(Stored items)
══════
lemma finite_qdist_set:
  assumes "finite P" "y \<in> ext_carrier P"
  shows "finite {eps * int (length zs - 1) | zs. sat_chain P x y zs}"
proof -
  have "{eps * int (length zs - 1) | zs. sat_chain P x y zs}
     \<subseteq> (\<lambda>n. eps * int n) ` {..card (ext_carrier P)}"
    using sat_chain_length_le[OF assms(1) _ assms(2)] by fastforce
  then show ?thesis by (rule finite_subset) auto
qed

text \<open>A maximal chain c1 < \<dots> < ck gives the saturated chain -\<infinity> \<lessdot> c1 \<lessdot> \<dots> \<lessdot> ck \<lessdot> \<infinity>:
  an element strictly between two neighbours would be comparable with all of C, hence in C.\<close>

lemma max_chain_sat_chain:
  fixes P :: "'a::order set"
  assumes "finite P" "max_chain P C"
  obtains zs where "sat_chain P NegInf PosInf zs" "length zs = card C + 2"
proof -
  obtain xs where xs: "set xs = C" "sorted_wrt (<) xs" "distinct xs"
    using finite_chain_sorted_list max_chain_finite[OF assms] max_chainD(2)[OF assms(2)]
    by blast
  define zs where "zs = NegInf # map Fin xs @ [PosInf]"
  have srt: "sorted_wrt ext_less zs"
    using xs(2) by (auto simp: zs_def sorted_wrt_append sorted_wrt_map ext_less_def
        intro: sorted_wrt_mono_rel[of _ "(<)"])
  have car: "set zs \<subseteq> ext_carrier P"
    using xs(1) max_chainD(1)[OF assms(2)] by (auto simp: zs_def ext_carrier_def)
  have "covers P (zs ! i) (zs ! Suc i)" if i: "Suc i < length zs" for i
    unfolding covers_def
  proof (intro conjI notI)
    show "ext_less (zs ! i) (zs ! Suc i)" using srt i sorted_wrt_nth_less by blast
    show "zs ! i \<in> ext_carrier P" "zs ! Suc i \<in> ext_carrier P" using car i by auto
    assume "\<exists>z\<in>ext_carrier P. ext_less (zs ! i) z \<and> ext_less z (zs ! Suc i)"
    then obtain z where z: "z \<in> ext_carrier P" "ext_less (zs ! i) z" "ext_less z (zs ! Suc i)"
      by blast
    have cmp: "ext_less (Fin c) z \<or> ext_less z (Fin c)" if "c \<in> C" for c
    proof -
      have "Fin c \<in> set zs" using that xs(1) by (simp add: zs_def)
      then obtain j where "j < length zs" "zs ! j = Fin c" by (metis in_set_conv_nth)
      then show ?thesis using sorted_wrt_ext_less_gap[OF srt i _ z(2,3)] by metis
    qed
    have "z \<noteq> NegInf" "z \<noteq> PosInf"
      using z by (cases "zs ! i"; cases "zs ! Suc i"; auto simp: ext_less_def)+
    then obtain p where p: "z = Fin p" "p \<in> P" using z(1) by (auto simp: ext_carrier_def)
    then have "p \<in> C"
      using max_chain_comparable_mem[OF assms(2)] cmp by (fastforce simp: ext_less_def)
    then show False using cmp p by (auto simp: ext_less_def)
  qed
  then have "sat_chain P NegInf PosInf zs" by (simp add: sat_chain_def zs_def)
  then show ?thesis
    using that xs distinct_card[of xs] by (simp add: zs_def)
qed

lemma max_chain_le_qdist:
  fixes P :: "'a::order set"
  assumes "finite P" "max_chain P C"
  shows "eps * (int (card C) + 1) \<le> qdist eps P NegInf PosInf"
proof -
  obtain zs where zs: "sat_chain P NegInf PosInf zs" "length zs = card C + 2"
    using max_chain_sat_chain[OF assms] by blast
  have "eps * int (length zs - 1) \<le> qdist eps P NegInf PosInf"
    unfolding qdist_def using zs(1) finite_qdist_set[OF assms(1), of PosInf eps NegInf]
    by (intro Max_ge) (auto simp: ext_carrier_def)
  then show ?thesis using zs(2) by (simp add: add.commute)
qed

lemma xi_plus_diff: "xi_plus (\<lambda>z. f z - g z) X = xi_plus f X - xi_plus g X"
  by (simp add: xi_plus_def sum_subtractf)

lemma xi_plus_mono: "(\<And>x. x \<in> X \<Longrightarrow> f (Fin x) \<le> g (Fin x)) \<Longrightarrow> xi_plus f X \<le> xi_plus g X"
  unfolding xi_plus_def by (rule sum_mono)

lemma xi_plus_union:
  "finite A \<Longrightarrow> finite B \<Longrightarrow> A \<inter> B = {} \<Longrightarrow> xi_plus f (A \<union> B) = xi_plus f A + xi_plus f B"
  unfolding xi_plus_def by (rule sum.union_disjoint)

lemma xi_plus_split:
  assumes "finite X"
  shows "xi_plus f X = xi_plus f {x\<in>X. x \<le> w} + xi_plus f {x\<in>X. \<not> x \<le> w}"
proof -
  have "X = {x\<in>X. x \<le> w} \<union> {x\<in>X. \<not> x \<le> w}" by auto
  then show ?thesis using xi_plus_union[of "{x\<in>X. x \<le> w}" "{x\<in>X. \<not> x \<le> w}" f] assms by auto
qed

definition max_above :: "int \<Rightarrow> ('a::order ext \<Rightarrow> int) \<Rightarrow> 'a set \<Rightarrow> 'a \<Rightarrow> bool" where
  "max_above eps \<xi> C c \<longleftrightarrow> c \<in> C \<and> eps < \<xi> (Fin c) \<and> (\<forall>c'\<in>C. eps < \<xi> (Fin c') \<longrightarrow> c' \<le> c)"

definition lowered :: "int \<Rightarrow> 'a::order set \<Rightarrow> ('a ext \<Rightarrow> int) \<Rightarrow> 'a \<Rightarrow> bool" where
  "lowered eps P \<xi> c \<longleftrightarrow> (\<exists>C \<in> C_xi P \<xi> (\<xi> NegInf - eps). max_above eps \<xi> C c)"

text \<open>\<open>lower eps P \<xi>\<close> is the \<xi>1 of the theorem.\<close>

definition lower :: "int \<Rightarrow> 'a::order set \<Rightarrow> ('a ext \<Rightarrow> int) \<Rightarrow> 'a ext \<Rightarrow> int" where
  "lower eps P \<xi> z =
     (if z = NegInf \<or> (\<exists>c. z = Fin c \<and> lowered eps P \<xi> c) then \<xi> z - 1 else \<xi> z)"

lemma lower_NegInf [simp]: "lower eps P \<xi> NegInf = \<xi> NegInf - 1"
  by (simp add: lower_def)

lemma lower_Fin:
  "lower eps P \<xi> (Fin c) = (if lowered eps P \<xi> c then \<xi> (Fin c) - 1 else \<xi> (Fin c))"
  by (simp add: lower_def)

lemma lowered_gt: "lowered eps P \<xi> c \<Longrightarrow> eps < \<xi> (Fin c)"
  by (auto simp: lowered_def max_above_def)

lemma lower_Fin_le: "lower eps P \<xi> (Fin c) \<le> \<xi> (Fin c)"
  by (simp add: lower_Fin)

lemma xi_plus_lower_le: "xi_plus (lower eps P \<xi>) X \<le> xi_plus \<xi> X"
  by (rule xi_plus_mono) (rule lower_Fin_le)

lemma max_above_exists:
  fixes C :: "'a::order set"
  assumes "finite C" "\<forall>x\<in>C. \<forall>y\<in>C. x \<le> y \<or> y \<le> x" "c \<in> C" "eps < \<xi> (Fin c)"
  obtains m where "max_above eps \<xi> C m"
proof -
  obtain m where "m \<in> {c\<in>C. eps < \<xi> (Fin c)}"
      "\<forall>b\<in>{c\<in>C. eps < \<xi> (Fin c)}. m \<le> b \<longrightarrow> m = b"
    using finite_has_maximal[of "{c\<in>C. eps < \<xi> (Fin c)}"] assms by auto
  then show ?thesis using that assms(2) unfolding max_above_def by blast
qed

lemma xi_plus_lower_le_pred:
  assumes "finite C" "m \<in> C" "lowered eps P \<xi> m"
  shows "xi_plus (lower eps P \<xi>) C \<le> xi_plus \<xi> C - 1"
proof -
  have "xi_plus (lower eps P \<xi>) C = lower eps P \<xi> (Fin m) + xi_plus (lower eps P \<xi>) (C - {m})"
    unfolding xi_plus_def using assms by (intro sum.remove)
  also have "\<dots> \<le> \<xi> (Fin m) - 1 + xi_plus \<xi> (C - {m})"
    using assms(3) xi_plus_lower_le[of eps P \<xi> "C - {m}"] by (simp add: lower_Fin)
  also have "\<dots> = xi_plus \<xi> C - 1"
    unfolding xi_plus_def using assms(1,2) sum.remove[of C m "\<lambda>b. \<xi> (Fin b)"] by simp
  finally show ?thesis .
qed

lemma xi_plus_lower_eq_pred:
  assumes "finite F" "w \<in> F" "\<forall>x\<in>F. lowered eps P \<xi> x \<longleftrightarrow> x = w"
  shows "xi_plus (lower eps P \<xi>) F = xi_plus \<xi> F - 1"
proof -
  have "xi_plus (lower eps P \<xi>) F = (\<Sum>x\<in>F. \<xi> (Fin x) - (if x = w then 1 else 0))"
    unfolding xi_plus_def using assms(3) by (intro sum.cong) (auto simp: lower_Fin)
  then show ?thesis using assms(1,2) by (simp add: xi_plus_def sum_subtractf)
qed

lemma S_set_lower:
  fixes P :: "'a::order set"
  assumes "finite P" "\<xi> \<in> S_set eps P" "qdist eps P NegInf PosInf < \<xi> NegInf"
  shows "lower eps P \<xi> \<in> S_set eps P"
proof -
  have pos: "\<And>x. x \<in> P \<Longrightarrow> eps \<le> \<xi> (Fin x)"
    and chain: "\<And>C. max_chain P C \<Longrightarrow> xi_plus \<xi> C + eps \<le> \<xi> NegInf"
    using assms(2) by (auto simp: S_set_def)
  have "xi_plus (lower eps P \<xi>) C + eps \<le> \<xi> NegInf - 1" if C: "max_chain P C" for C
  proof (cases "xi_plus \<xi> C = \<xi> NegInf - eps")
    case tight: True
    have "\<exists>c\<in>C. eps < \<xi> (Fin c)"
    proof (rule ccontr)
      assume "\<not> ?thesis"
      then have "\<forall>c\<in>C. \<xi> (Fin c) = eps" using pos max_chainD(1)[OF C] by force
      then have "xi_plus \<xi> C = eps * int (card C)" by (simp add: xi_plus_def)
      then show False
        using tight max_chain_le_qdist[OF assms(1) C, of eps] assms(3) by (simp add: algebra_simps)
    qed
    then obtain m where m: "max_above eps \<xi> C m"
      using max_above_exists max_chain_finite[OF assms(1) C] max_chainD(2)[OF C] by metis
    then have "lowered eps P \<xi> m" "m \<in> C"
      using C tight by (auto simp: lowered_def C_xi_def max_above_def)
    then show ?thesis
      using xi_plus_lower_le_pred[OF max_chain_finite[OF assms(1) C]] tight by fastforce
  next
    case False
    then show ?thesis using chain[OF C] xi_plus_lower_le[of eps P \<xi> C] by linarith
  qed
  moreover have "eps \<le> lower eps P \<xi> (Fin x)" if "x \<in> P" for x
    using pos[OF that] lowered_gt[of eps P \<xi> x] by (simp add: lower_Fin)
  ultimately show ?thesis by (simp add: S_set_def)
qed

text \<open>A is the part of C below w, B the part above w of a chain D \<in> C_\<xi>^[d-\<epsilon>] witnessing
  that w is lowered; the weight comparison is the chain condition for \<xi> on the other
  exchanged chain.\<close>

lemma lowered_exchange_chain:
  fixes P :: "'a::order set"
  assumes "finite P" "\<xi> \<in> S_set eps P" and C: "max_chain P C"
    and w: "w \<in> C" "lowered eps P \<xi> w" "\<forall>c\<in>C. lowered eps P \<xi> c \<longrightarrow> w \<le> c"
  obtains A B where "max_chain P (A \<union> B)" "A \<subseteq> C" "A \<inter> B = {}"
    "\<forall>x\<in>B. \<xi> (Fin x) \<le> eps" "xi_plus \<xi> (C - A) \<le> xi_plus \<xi> B"
    "xi_plus (lower eps P \<xi>) (A \<union> B) = xi_plus \<xi> (A \<union> B) - 1"
proof -
  obtain D where D: "max_chain P D" "xi_plus \<xi> D = \<xi> NegInf - eps" "max_above eps \<xi> D w"
    using w(2) by (auto simp: lowered_def C_xi_def)
  define C1 C2 D1 D2 where parts: "C1 = {x\<in>C. x \<le> w}" "C2 = {x\<in>C. \<not> x \<le> w}"
    "D1 = {x\<in>D. x \<le> w}" "D2 = {x\<in>D. \<not> x \<le> w}"
  have F: "max_chain P (C1 \<union> D2)" and G: "max_chain P (D1 \<union> C2)"
    unfolding parts using splice_max_chain w(1) D(1,3) C by (auto simp: max_above_def)
  have fin: "finite C" "finite D" "finite C1" "finite C2" "finite D1" "finite D2"
    using max_chain_finite[OF assms(1)] C D(1) by (auto simp: parts)
  have D2_small: "\<forall>x\<in>D2. \<xi> (Fin x) \<le> eps"
    using D(3) by (force simp: parts max_above_def)
  have "\<forall>x\<in>C1 \<union> D2. lowered eps P \<xi> x \<longleftrightarrow> x = w"
    using w D2_small lowered_gt by (force simp: parts)
  then have "xi_plus (lower eps P \<xi>) (C1 \<union> D2) = xi_plus \<xi> (C1 \<union> D2) - 1"
    using fin w(1) by (intro xi_plus_lower_eq_pred) (auto simp: parts)
  moreover have "xi_plus \<xi> C2 \<le> xi_plus \<xi> D2"
  proof -
    have "xi_plus \<xi> (D1 \<union> C2) + eps \<le> \<xi> NegInf" using assms(2) G by (simp add: S_set_def)
    moreover have "xi_plus \<xi> (D1 \<union> C2) = xi_plus \<xi> D1 + xi_plus \<xi> C2"
      using fin by (intro xi_plus_union) (auto simp: parts)
    ultimately show ?thesis using D(2) xi_plus_split[OF fin(2), of \<xi> w] by (simp add: parts)
  qed
  moreover have "C - C1 = C2" "C1 \<subseteq> C" "C1 \<inter> D2 = {}" by (auto simp: parts)
  ultimately show ?thesis using that F D2_small by metis
qed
══════
(Aim of the exercise) Out of the entries above, write out only the lines between the line holding "using assms(2) by (auto simp: S_set_def)" and the line holding "obtains A B", inclusive, each exactly as given.

(Task output)
    using assms(2) by (auto simp: S_set_def)
  have "xi_plus (lower eps P \<xi>) C + eps \<le> \<xi> NegInf - 1" if C: "max_chain P C" for C
  proof (cases "xi_plus \<xi> C = \<xi> NegInf - eps")
    case tight: True
    have "\<exists>c\<in>C. eps < \<xi> (Fin c)"
    proof (rule ccontr)
      assume "\<not> ?thesis"
      then have "\<forall>c\<in>C. \<xi> (Fin c) = eps" using pos max_chainD(1)[OF C] by force
      then have "xi_plus \<xi> C = eps * int (card C)" by (simp add: xi_plus_def)
      then show False
        using tight max_chain_le_qdist[OF assms(1) C, of eps] assms(3) by (simp add: algebra_simps)
    qed
    then obtain m where m: "max_above eps \<xi> C m"
      using max_above_exists max_chain_finite[OF assms(1) C] max_chainD(2)[OF C] by metis
    then have "lowered eps P \<xi> m" "m \<in> C"
      using C tight by (auto simp: lowered_def C_xi_def max_above_def)
    then show ?thesis
      using xi_plus_lower_le_pred[OF max_chain_finite[OF assms(1) C]] tight by fastforce
  next
    case False
    then show ?thesis using chain[OF C] xi_plus_lower_le[of eps P \<xi> C] by linarith
  qed
  moreover have "eps \<le> lower eps P \<xi> (Fin x)" if "x \<in> P" for x
    using pos[OF that] lowered_gt[of eps P \<xi> x] by (simp add: lower_Fin)
  ultimately show ?thesis by (simp add: S_set_def)
qed

text \<open>A is the part of C below w, B the part above w of a chain D \<in> C_\<xi>^[d-\<epsilon>] witnessing
  that w is lowered; the weight comparison is the chain condition for \<xi> on the other
  exchanged chain.\<close>

lemma lowered_exchange_chain:
  fixes P :: "'a::order set"
  assumes "finite P" "\<xi> \<in> S_set eps P" and C: "max_chain P C"
    and w: "w \<in> C" "lowered eps P \<xi> w" "\<forall>c\<in>C. lowered eps P \<xi> c \<longrightarrow> w \<le> c"
  obtains A B where "max_chain P (A \<union> B)" "A \<subseteq> C" "A \<inter> B = {}"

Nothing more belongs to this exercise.